Dr. Mike Griffiths, Chief Executive Officer of AOTI, INC. commented:

"We are delighted to be admitted to trading on AIM, which is in line with the
Board's strategy to further accelerate the Group's commercial roll-out,
enabling us to reach our full potential whilst fulfilling our mission of
helping all people with chronic conditions get back to living their lives to
the fullest.
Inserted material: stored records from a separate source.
lemma reproducing_kernel_is_reproducing:
  "pos_def_functional L \<Longrightarrow> is_reproducing_kernel L n x (reproducing_kernel L (int n) x)"
  unfolding reproducing_kernel_def
  by (simp add: kernel_poly_reproducing pos_def_functional_linear orthonormal_gram_schmidt)

lemma kernel_poly_eq_reproducing_kernel:
  "pos_def_functional L \<Longrightarrow> orthonormal_system L P \<Longrightarrow> kernel_poly P n x = reproducing_kernel L (int n) x"
  by (metis reproducing_kernel_unique reproducing_kernel_is_reproducing
      kernel_poly_reproducing pos_def_functional_linear)

lemma reproducing_kernel_diagonal_pos:
  assumes L: "pos_def_functional L"
  shows "poly (reproducing_kernel L (int n) b) b > 0"
proof -
  let ?k = "reproducing_kernel L (int n) b"
  have k: "is_reproducing_kernel L n b ?k"
    using L by (rule reproducing_kernel_is_reproducing)
  have "L (?k * 1) = 1"
    using is_reproducing_kernelD(2)[OF k, of 1] by simp
  then have "?k \<noteq> 0"
    using linear_functional_zero[OF pos_def_functional_linear[OF L]] by auto
  then have "L (?k * ?k) > 0"
    by (rule pos_def_functional_square_pos[OF L])
  then show ?thesis
    using is_reproducing_kernelD[OF k] by simp
qed

lemma reproducing_kernel_unique_scaled:
  assumes L: "pos_def_functional L" and h: "degree h \<le> n"
    and rep: "\<And>q. degree q \<le> n \<Longrightarrow> L (h * q) = c * poly q x"
  shows "h = smult c (reproducing_kernel L (int n) x)"
proof -
  let ?k = "reproducing_kernel L (int n) x"
  have k: "is_reproducing_kernel L n x ?k"
    using L by (rule reproducing_kernel_is_reproducing)
  have "h - smult c ?k = 0"
  proof (rule pos_def_functional_orthogonal_eq_0[OF L])
    show "degree (h - smult c ?k) \<le> n"
      using h k by (meson degree_diff_le degree_smult_le is_reproducing_kernelD(1) order.trans)
    show "L ((h - smult c ?k) * q) = 0" if "degree q \<le> n" for q
      using that rep k pos_def_functional_linear[OF L]
      by (simp add: left_diff_distrib linear_functional_diff linear_functional_smult is_reproducing_kernelD)
  qed
  then show ?thesis
    by simp
qed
The Board believes that AOTI has all of the building blocks in
place to secure expanded market access and commercialisation of our TWO(2)(®)
Therapy and to continue the staged roll-out of the NEXA NPWT System, the
Company's independently differentiated wound care platforms. On behalf of the
Board, I would like to thank all our new investors who have joined the AOTI
journey today and we look forward to updating them on delivering on our
scale-up strategy, underpinned by a continued trajectory of profitable
growth."

 

For the purposes of the Disclosure Guidance and Transparency Rules, the total
number of ordinary shares with voting rights in the Company with effect from
18 June 2024 will be 106,359,163. This figure may be used by shareholders as
the denominator for the calculations by which they determine if they are
required to notify their interest in, or a change of their interest in, the
Company under the FCA's Disclosure Guidance and Transparency Rules.

 

END

 

For more information, please contact:

 AOTI, INC.

 Dr. Mike Griffiths, Chief Executive Officer   +44 (0)20 3727 1000

 Jayesh Pankhania, Chief Financial Officer     ir@aotinc.net (mailto:ir@aotinc.net)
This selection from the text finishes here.